Illustration of the cogwood treeThe cogwood tree (Laurus chloroxylon), from: Patrick Browne. The civil and natural history of Jamaica. London: printed for the author, and sold by T Osborne and J Shipton, in Gray's-Inn, 1756 [FCDO Historical Collection FOL. QH109.J5 BRO]Patrick Browne (d 1790), originally of Woodstock, County Mayo, studied medicine in Paris, receiving his MD from Rheims in 1742. He then worked at St Thomas’s Hospital, London, before going to the West Indies in 1746 and eventually settling in Jamaica, where he practised medicine. He devoted his spare time to the study of the natural history of the island and amassed a substantial collection of plant specimens.

Browne returned to London in 1755 and the following year he published the fruits of his Jamaican studies as The civil and natural history of Jamaica, the first published work in English to use Linnaeus’s system of classification. However, Browne did not use Linnaeus’s binomial system of nomenclature.
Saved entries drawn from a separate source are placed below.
lemma itinerary_Un_eq_comp:
  "itinerary T (B \<union> D) gs =
     (\<lambda>(l1, l2). map (\<lambda>(a, b). a \<or> b) (zip l1 l2)) \<circ> (\<lambda>x. (itinerary T B gs x, itinerary T D gs x))"
proof
  fix x
  show "itinerary T (B \<union> D) gs x = ((\<lambda>(l1, l2). map (\<lambda>(a, b). a \<or> b) (zip l1 l2))
      \<circ> (\<lambda>x. (itinerary T B gs x, itinerary T D gs x))) x"
    by (induction gs) (auto simp: itinerary_Cons)
qed

lemma simple_function_mem: "A \<in> sets M \<Longrightarrow> simple_function M (\<lambda>x. x \<in> A)"
  by (simp add: simple_function_eq_measurable)

locale prob_measure_preserving_family = prob_space M + measure_preserving_family M T S
  for M :: "'a measure" and T :: "'g \<Rightarrow> 'a \<Rightarrow> 'a" and S :: "'g set"
begin

lemma simple_function_mem_T:
  "g \<in> S \<Longrightarrow> A \<in> sets M \<Longrightarrow> simple_function M (\<lambda>x. T g x \<in> A)"
  using simple_function_comp[OF measurable_T simple_function_mem] .

lemma simple_function_itinerary:
  assumes "set gs \<subseteq> S" "A \<in> sets M"
  shows "simple_function M (itinerary T A gs)"
  using assms(1)
proof (induction gs)
  case (Cons g gs)
  then show ?case
    unfolding itinerary_Cons_eq_comp
    by (intro simple_function_compose simple_function_Pair simple_function_mem_T assms(2)) auto
qed simp

lemma simple_entropy_itinerary_le:
  assumes "set gs \<subseteq> S" "A \<in> sets M"
  shows "simple_entropy M (itinerary T A gs) \<le> real (length gs) * simple_entropy M (\<lambda>x. x \<in> A)"
  using assms(1)
proof (induction gs)
  case Nil
  then show ?case by (simp add: simple_entropy_const)
next
  case (Cons g gs)
  then have g: "g \<in> S" and gs: "set gs \<subseteq> S" by simp_all
  have "simple_entropy M (itinerary T A (g # gs))
      \<le> simple_entropy M (\<lambda>x. (T g x \<in> A, itinerary T A gs x))"
    unfolding itinerary_Cons_eq_comp
    by (intro simple_entropy_comp_le simple_function_Pair simple_function_mem_T
        simple_function_itinerary g gs assms(2))
  also have "\<dots> \<le> simple_entropy M (\<lambda>x. T g x \<in> A) + simple_entropy M (itinerary T A gs)"
    by (intro simple_entropy_Pair_le simple_function_mem_T simple_function_itinerary g gs assms(2))
  also have "simple_entropy M (\<lambda>x. T g x \<in> A) = simple_entropy M (\<lambda>x. x \<in> A)"
    using simple_entropy_comp_measure_preserving[OF measurable_T[OF g] distr_T[OF g]
        simple_function_mem[OF assms(2)]] .
  finally show ?case using Cons.IH[OF gs] by (simp add: algebra_simps)
qed

lemma simple_entropy_itinerary_Un_le:
  assumes "set gs \<subseteq> S" "B \<in> sets M" "D \<in> sets M"
  shows "simple_entropy M (itinerary T (B \<union> D) gs)
    \<le> simple_entropy M (itinerary T B gs) + simple_entropy M (itinerary T D gs)"
proof -
  have "simple_entropy M (itinerary T (B \<union> D) gs)
      \<le> simple_entropy M (\<lambda>x. (itinerary T B gs x, itinerary T D gs x))"
    unfolding itinerary_Un_eq_comp
    by (intro simple_entropy_comp_le simple_function_Pair simple_function_itinerary assms)
  also have "\<dots> \<le> simple_entropy M (itinerary T B gs) + simple_entropy M (itinerary T D gs)"
    by (intro simple_entropy_Pair_le simple_function_itinerary assms)
  finally show ?thesis .
qed

lemma join_pull_part_eq_itinerary_fibres:
  assumes "set gs \<subseteq> S"
  shows "join_list M (map (\<lambda>g. pull_part M T g {A, space M - A}) gs) =
    (\<lambda>v. itinerary T A gs -` {v} \<inter> space M) ` {v. length v = length gs}"
  using assms
proof (induction gs)
  case Nil
  have "{v :: bool list. length v = 0} = {[]}" by auto
  then show ?case by simp
next
  case (Cons g gs)
  define E where "E b = {x \<in> space M. (T g x \<in> A) = b}" for b
  define F where "F v = itinerary T A gs -` {v} \<inter> space M" for v
  have pull: "pull_part M T g {A, space M - A} = {E True, E False}"
    unfolding pull_part_def E_def using measurable_space[OF measurable_T] Cons.prems by auto
  have EF: "E b \<inter> F v = itinerary T A (g # gs) -` {b # v} \<inter> space M" for b v
    unfolding E_def F_def by (auto simp: itinerary_Cons)
  have "join_part {E True, E False} (F ` {v. length v = length gs})
      = (\<lambda>w. itinerary T A (g # gs) -` {w} \<inter> space M) ` {w. length w = length (g # gs)}"
  proof (intro equalityI subsetI)
    fix X assume "X \<in> join_part {E True, E False} (F ` {v. length v = length gs})"
    then obtain b v where "X = E b \<inter> F v" "length v = length gs"
      unfolding join_part_def by blast
    then show "X \<in> (\<lambda>w. itinerary T A (g # gs) -` {w} \<inter> space M) ` {w. length w = length (g # gs)}"
      by (intro image_eqI[of _ _ "b # v"]) (simp_all add: EF)
  next
    fix X assume "X \<in> (\<lambda>w. itinerary T A (g # gs) -` {w} \<inter> space M) ` {w. length w = length (g # gs)}"
    then obtain b v where "X = itinerary T A (g # gs) -` {b # v} \<inter> space M" "length v = length gs"
      by (auto simp: length_Suc_conv)
    moreover have "E b \<in> {E True, E False}" by (cases b) simp_all
    ultimately show "X \<in> join_part {E True, E False} (F ` {v. length v = length gs})"
      unfolding join_part_def EF[symmetric] by blast
  qed
  then show ?case using Cons by (simp add: pull F_def)
qed
(* Let $\mathcal G=(\mathcal V,\mathcal E,w)$ be a finite, undirected, connected graph with $n$ vertices and positive edge weights, and let $L$ be its Laplacian matrix. Let $w^*>0$ be a real number that is the weight of at least one $(m,k)$-star of $\mathcal G$. Let $\mathcal S_{w^*}$ be the set of all $(m,k)$-stars of $\mathcal G$ (as $m,k$ range over the positive integers with $m+k\le n$) whose weight is defined and equals $w^*$, and let $\deg(\mathcal S_{w^*})=\sum_{S_{m,k}\in\mathcal S_{w^*}}(m-1)$. Then $w^*$ is an eigenvalue of $L$ and its algebraic multiplicity as an eigenvalue of $L$ is at least $\deg(\mathcal S_{w^*})$.
   Context: Weighted adjacency matrix: $A_{ij}=w(i,j)$ if $\{i,j\}\in\mathcal E$ and $A_{ij}=0$ otherwise (no loops). The strength of a vertex $i$ is $s(i)=\sum_j A_{ij}$. The Laplacian is $L=D-A$ with $D=\mathrm{diag}(s(1),\dots,s(n))$. An $(m,k)$-star of $\mathcal G$, denoted $S_{m,k}$, is a pair $(\mathcal V_1,\mathcal V_2)$ of disjoint vertex sets with $|\mathcal V_1|=m\ge 2$, $|\mathcal V_2|=k$, such that every vertex of $\mathcal V_1$ is adjacent to every vertex of $\mathcal V_2$ and to no vertex outside $\mathcal V_2$ (so $\mathcal V_1$ is independent); the sets are uniquely determined, i.e. $\mathcal V_1$ is the set of all vertices of $\mathcal G$ whose neighbourhood is exactly $\mathcal V_2$ (so distinct $(m,k)$-stars have disjoint sets $\mathcal V_1$). Its degree is $m-1$. Its weight is defined only when $w(i,j)=w(i',j)$ for all $i,i'\in\mathcal V_1$ and all $j\in\mathcal V_2$, and then equals $\sum_{j\in\mathcal V_2}w(i,j)$ for any $i\in\mathcal V_1$. *)

theory Defs
  imports "Jordan_Normal_Form.Char_Poly"
begin

text \<open>Vertices are 0..<n. E is the (symmetric, irreflexive) edge relation, w the weight
  function (only its values on edges matter).\<close>

definition adj_mat :: "nat \<Rightarrow> (nat \<Rightarrow> nat \<Rightarrow> bool) \<Rightarrow> (nat \<Rightarrow> nat \<Rightarrow> real) \<Rightarrow> nat \<Rightarrow> nat \<Rightarrow> real" where
  "adj_mat n E w i j = (if E i j then w i j else 0)"

definition strength :: "nat \<Rightarrow> (nat \<Rightarrow> nat \<Rightarrow> bool) \<Rightarrow> (nat \<Rightarrow> nat \<Rightarrow> real) \<Rightarrow> nat \<Rightarrow> real" where
  "strength n E w i = (\<Sum>j<n. adj_mat n E w i j)"

definition laplacian :: "nat \<Rightarrow> (nat \<Rightarrow> nat \<Rightarrow> bool) \<Rightarrow> (nat \<Rightarrow> nat \<Rightarrow> real) \<Rightarrow> real mat" where
  "laplacian n E w = mat n n (\<lambda>(i,j). (if i = j then strength n E w i else 0) - adj_mat n E w i j)"

definition nbhd :: "nat \<Rightarrow> (nat \<Rightarrow> nat \<Rightarrow> bool) \<Rightarrow> nat \<Rightarrow> nat set" where
  "nbhd n E i = {j. j < n \<and> E i j}"

text \<open>(V1,V2) is an (m,k)-star with m = card V1, k = card V2 (m \<ge> 2, k \<ge> 1).\<close>
definition is_star :: "nat \<Rightarrow> (nat \<Rightarrow> nat \<Rightarrow> bool) \<Rightarrow> nat set \<Rightarrow> nat set \<Rightarrow> bool" where
  "is_star n E V1 V2 \<longleftrightarrow>
     V1 \<subseteq> {..<n} \<and> V2 \<subseteq> {..<n} \<and> V1 \<inter> V2 = {} \<and>
     card V1 \<ge> 2 \<and> card V2 \<ge> 1 \<and>
     (\<forall>i\<in>V1. \<forall>j\<in>V2. E i j) \<and>
     (\<forall>i\<in>V1. \<forall>j<n. E i j \<longrightarrow> j \<in> V2) \<and>
     V1 = {i. i < n \<and> nbhd n E i = V2}"

definition star_weight_defined :: "(nat \<Rightarrow> nat \<Rightarrow> real) \<Rightarrow> nat set \<Rightarrow> nat set \<Rightarrow> bool" where
  "star_weight_defined w V1 V2 \<longleftrightarrow> (\<forall>i\<in>V1. \<forall>i'\<in>V1. \<forall>j\<in>V2. w i j = w i' j)"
In 1758 Linnaeus purchased Browne’s Jamaican herbarium, amounting to some 1,200 specimens, and included many of the new species collected by Browne in his own botanical works, such as Plantarum jamaicensium pugillus (1759).

Browne’s work is enhanced by numerous fine plates designed by the distinguished botanical artist George Dionysius Ehret (1708-70). The plate on display shows a plant, commonly known as the cogwood tree (Laurus chloroxylon), a name given to it because the hardness of its wood made it ideal for the cogs used in the rolls of sugar mills.